Know where your practices and beliefs come from

There is a lot of information on witchcraft now and many religions and movements have come about in recent years due to this. This shared information can be beneficial because it can help deepen our understanding or give us spiritual guidance. The danger that many of us run into is using some of the practices that we read about without knowing where they originate. Unfortunately, cultural appropriation is rampant in the spiritual community. Many people claim to be teachers and masters of practices that are closed and they do so without being invited or initiated by the people they belong to. Research where your beliefs come from and make sure that you aren’t appropriating them. If you find that you have beliefs that are from closed practices, leave them alone and search for beliefs from open practices and your heritage.

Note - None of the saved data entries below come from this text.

definition shift_space :: "(int \<Rightarrow> 'a::finite) set \<Rightarrow> bool" where
  "shift_space X \<longleftrightarrow> closed_seqs X \<and> shift ` X = X"

definition lang :: "(int \<Rightarrow> 'a) set \<Rightarrow> 'a list set" where
  "lang X = {w. \<exists>x\<in>X. \<exists>i::int. \<forall>j<length w. w ! j = x (i + int j)}"

definition prefix_code :: "'a list set \<Rightarrow> bool" where
  "prefix_code U \<longleftrightarrow> (\<forall>u\<in>U. \<forall>v\<in>U. prefix u v \<longrightarrow> u = v)"

definition suffix_code :: "'a list set \<Rightarrow> bool" where
  "suffix_code U \<longleftrightarrow> (\<forall>u\<in>U. \<forall>v\<in>U. suffix u v \<longrightarrow> u = v)"

definition X_max_prefix_code :: "(int \<Rightarrow> 'a) set \<Rightarrow> 'a list set \<Rightarrow> bool" where
  "X_max_prefix_code X U \<longleftrightarrow> U \<subseteq> lang X \<and> prefix_code U \<and>
     (\<forall>U'. U \<subseteq> U' \<and> U' \<subseteq> lang X \<and> prefix_code U' \<longrightarrow> U' = U)"

definition X_max_suffix_code :: "(int \<Rightarrow> 'a) set \<Rightarrow> 'a list set \<Rightarrow> bool" where
  "X_max_suffix_code X U \<longleftrightarrow> U \<subseteq> lang X \<and> suffix_code U \<and>
     (\<forall>U'. U \<subseteq> U' \<and> U' \<subseteq> lang X \<and> suffix_code U' \<longrightarrow> U' = U)"

definition letters :: "'a list set" where
  "letters = {[a] | a. True}"

definition L_set :: "(int \<Rightarrow> 'a) set \<Rightarrow> 'a list set \<Rightarrow> 'a list \<Rightarrow> 'a list set" where
  "L_set X U w = {u \<in> U. u @ w \<in> lang X}"

definition R_set :: "(int \<Rightarrow> 'a) set \<Rightarrow> 'a list set \<Rightarrow> 'a list \<Rightarrow> 'a list set" where
  "R_set X V w = {v \<in> V. w @ v \<in> lang X}"

text \<open>Generalized extension graph: vertices are the disjoint union (Inl for left, Inr for right).\<close>
definition ext_vertices :: "(int \<Rightarrow> 'a) set \<Rightarrow> 'a list set \<Rightarrow> 'a list set \<Rightarrow> 'a list
    \<Rightarrow> ('a list + 'a list) set" where
  "ext_vertices X U V w = Inl ` L_set X U w \<union> Inr ` R_set X V w"

fun ext_edge :: "(int \<Rightarrow> 'a) set \<Rightarrow> 'a list set \<Rightarrow> 'a list set \<Rightarrow> 'a list
    \<Rightarrow> ('a list + 'a list) \<Rightarrow> ('a list + 'a list) \<Rightarrow> bool" where
  "ext_edge X U V w (Inl u) (Inr v) =
     (u \<in> L_set X U w \<and> v \<in> R_set X V w \<and> u @ w @ v \<in> lang X)"
| "ext_edge X U V w (Inr v) (Inl u) =
     (u \<in> L_set X U w \<and> v \<in> R_set X V w \<and> u @ w @ v \<in> lang X)"
| "ext_edge X U V w _ _ = False"

definition graph_connected :: "'v set \<Rightarrow> ('v \<Rightarrow> 'v \<Rightarrow> bool) \<Rightarrow> bool" where
  "graph_connected Vs E \<longleftrightarrow>
     (\<forall>x\<in>Vs. \<forall>y\<in>Vs. (\<lambda>a b. a \<in> Vs \<and> b \<in> Vs \<and> E a b)\<^sup>*\<^sup>* x y)"

definition graph_has_cycle :: "'v set \<Rightarrow> ('v \<Rightarrow> 'v \<Rightarrow> bool) \<Rightarrow> bool" where
  "graph_has_cycle Vs E \<longleftrightarrow>
     (\<exists>cs. length cs \<ge> 3 \<and> distinct cs \<and> set cs \<subseteq> Vs \<and>
        (\<forall>i < length cs. E (cs ! i) (cs ! ((i + 1) mod length cs))))"

definition is_tree :: "'v set \<Rightarrow> ('v \<Rightarrow> 'v \<Rightarrow> bool) \<Rightarrow> bool" where
  "is_tree Vs E \<longleftrightarrow> Vs \<noteq> {} \<and> graph_connected Vs E \<and> \<not> graph_has_cycle Vs E"

definition ext_graph_is_tree :: "(int \<Rightarrow> 'a) set \<Rightarrow> 'a list set \<Rightarrow> 'a list set \<Rightarrow> 'a list \<Rightarrow> bool" where
  "ext_graph_is_tree X U V w = is_tree (ext_vertices X U V w) (ext_edge X U V w)"

end

theory Submission
  imports Defs
begin

text \<open>In \<open>\<E>\<^sub>U\<^sub>,\<^sub>V(w)\<close> the left vertices \<open>a l\<close> (\<open>a\<close> a letter) are joined exactly to the
  right vertices \<open>v\<close> with \<open>a l w v \<in> \<L>(X)\<close>; appending \<open>l\<close> identifies the subgraph they span
  with their neighbours with \<open>\<E>\<^sub>A\<^sub>,\<^sub>V(l w)\<close>, a tree. Passing to \<open>U'\<close> replaces these vertices by the
  single vertex \<open>l\<close>, joined to the same neighbours (\<open>l \<notin> U\<close> because \<open>U\<close> is a suffix code). So a tree spanning a set \<open>N\<close> of vertices is
  exchanged for a star on \<open>N\<close>, which changes neither connectedness nor the existence of cycles:
  walks are transported by collapsing the tree to its centre or by expanding the centre along
  the tree, and a cycle through the tree leaves it at one vertex of \<open>N\<close> and re-enters it at
  another.\<close>

section \<open>Undirected graphs\<close>

definition del_edge :: "('v \<Rightarrow> 'v \<Rightarrow> bool) \<Rightarrow> 'v \<Rightarrow> 'v \<Rightarrow> 'v \<Rightarrow> 'v \<Rightarrow> bool" where
  "del_edge E x y a b \<longleftrightarrow> E a b \<and> \<not> (a = x \<and> b = y) \<and> \<not> (a = y \<and> b = x)"

lemma del_edge_commute: "del_edge E x y = del_edge E y x"
  by (auto simp: del_edge_def fun_eq_iff)

lemma rtranclp_map:
  assumes "\<And>a b. R a b \<Longrightarrow> R' (f a) (f b)" and "R\<^sup>*\<^sup>* a b"
  shows "R'\<^sup>*\<^sup>* (f a) (f b)"
  using assms(2) by (induction rule: rtranclp_induct) (auto intro: rtranclp.rtrancl_into_rtrancl assms(1))

lemma rtranclp_imp_distinct_path:
  assumes "R\<^sup>*\<^sup>* a b"
  shows "\<exists>zs. zs \<noteq> [] \<and> hd zs = a \<and> last zs = b \<and> distinct zs \<and> successively R zs"
  using assms
proof (induction rule: rtranclp_induct)
  case base
  show ?case by (intro exI[of _ "[a]"]) auto
next
  case (step b c)
  then obtain zs where zs: "zs \<noteq> []" "hd zs = a" "last zs = b" "distinct zs" "successively R zs"
    by blast
  show ?case
  proof (cases "c \<in> set zs")
    case True
    then obtain ys ts where eq: "zs = ys @ c # ts" by (meson split_list)
    have "successively R (ys @ [c])"
      using zs(5) unfolding eq successively_append_iff by (auto simp: successively_Cons)
    moreover have "hd (ys @ [c]) = a" using zs(2) eq by (cases ys) auto
    ultimately show ?thesis using zs(4) eq by (intro exI[of _ "ys @ [c]"]) auto
  next
    case False
    have "successively R (zs @ [c])"
      using zs step(2) unfolding successively_append_iff by auto
    then show ?thesis using zs False by (intro exI[of _ "zs @ [c]"]) auto
  qed
qed

lemma rtranclp_first_edge:
  assumes "R\<^sup>*\<^sup>* x y" and "x \<noteq> y"
  shows "\<exists>z. R x z \<and> (del_edge R x z)\<^sup>*\<^sup>* z y"
  using assms
proof (induction rule: rtranclp_induct)
  case (step b c)
  show ?case
  proof (cases "b = x")
    case True
    then show ?thesis using step(2) by blast
  next
    case False
    then obtain z where z: "R x z" "(del_edge R x z)\<^sup>*\<^sup>* z b" using step(3) by blast
    have "del_edge R x z b c" using step(2,4) False by (auto simp: del_edge_def)
    then show ?thesis using z by (blast intro: rtranclp.rtrancl_into_rtrancl)
  qed
qed simp

lemma rtranclp_avoid_or_hit:
  assumes "R\<^sup>*\<^sup>* a b" and "a \<noteq> p"
  shows "((\<lambda>u v. R u v \<and> u \<noteq> p \<and> v \<noteq> p)\<^sup>*\<^sup>* a b \<and> b \<noteq> p) \<or>
         (\<exists>m. (\<lambda>u v. R u v \<and> u \<noteq> p \<and> v \<noteq> p)\<^sup>*\<^sup>* a m \<and> R m p)"
  using assms(1)
proof (induction rule: rtranclp_induct)
  case base
  then show ?case using assms(2) by simp
next
  case (step b c)
  then show ?case by (cases "c = p") (auto intro: rtranclp.rtrancl_into_rtrancl)
qed

locale ugraph =
  fixes Vs :: "'v set" and E :: "'v \<Rightarrow> 'v \<Rightarrow> bool"
  assumes sym: "E a b \<Longrightarrow> E b a"
    and irrefl: "\<not> E a a"
    and edge_in: "E a b \<Longrightarrow> a \<in> Vs \<and> b \<in> Vs"
begin

lemma graph_connected_iff: "graph_connected Vs E \<longleftrightarrow> (\<forall>x\<in>Vs. \<forall>y\<in>Vs. E\<^sup>*\<^sup>* x y)"
proof -
  have "(\<lambda>a b. a \<in> Vs \<and> b \<in> Vs \<and> E a b) = E" using edge_in by (auto simp: fun_eq_iff)
  then show ?thesis unfolding graph_connected_def by simp
qed

lemma del_edge_rtranclp_sym: "(del_edge E x y)\<^sup>*\<^sup>* a b \<Longrightarrow> (del_edge E x y)\<^sup>*\<^sup>* b a"
  by (rule sympD[OF symp_rtranclp]) (auto intro: sympI simp: del_edge_def sym)

lemma cycle_edge_sym:
  assumes "E x y" and "(del_edge E x y)\<^sup>*\<^sup>* y x"
  shows "E y x \<and> (del_edge E y x)\<^sup>*\<^sup>* x y"
  using sym[OF assms(1)] del_edge_rtranclp_sym[OF assms(2)] by (simp add: del_edge_commute)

Base your practice on your lineage and ancestral practices

The most potent way to fight colonization is to revive your ancestral practices. Seek the wisdom and ancient knowledge that guided your ancestors and connect to their spirits. Feel the history of your people and appreciate where you came from by honoring your heritage. The knowledge that you will gain and the spiritual guidance are immeasurable when you seek wisdom from your ancestors. You are drawing on generations of knowledge that are built on what they learned and passed down through their lineage. Your best resources are from within.

Support and uplift other BIPOC practitioners

Many BIPOC practitioners are sharing their practices and knowledge to educate, encourage, and keep alive their culture and practices. It is important to remember that many times throughout history, marginalized groups have been the magic practitioners, healers, etc. in the community. If you are practicing the craft, remember that at the heart of it is a deep history of being othered and an outcast. And our society and the spiritual community continues to marginalize BIPOC, so it is important to uplift and support our voices. Listen to what we have to saw and share our words and support our work.

The path to decolonization is not an easy one, but it is worthwhile. Your craft is another expression of yourself and there is no better way to express yourself than to embrace where you came from. Practice with integrity and let truth be your guide.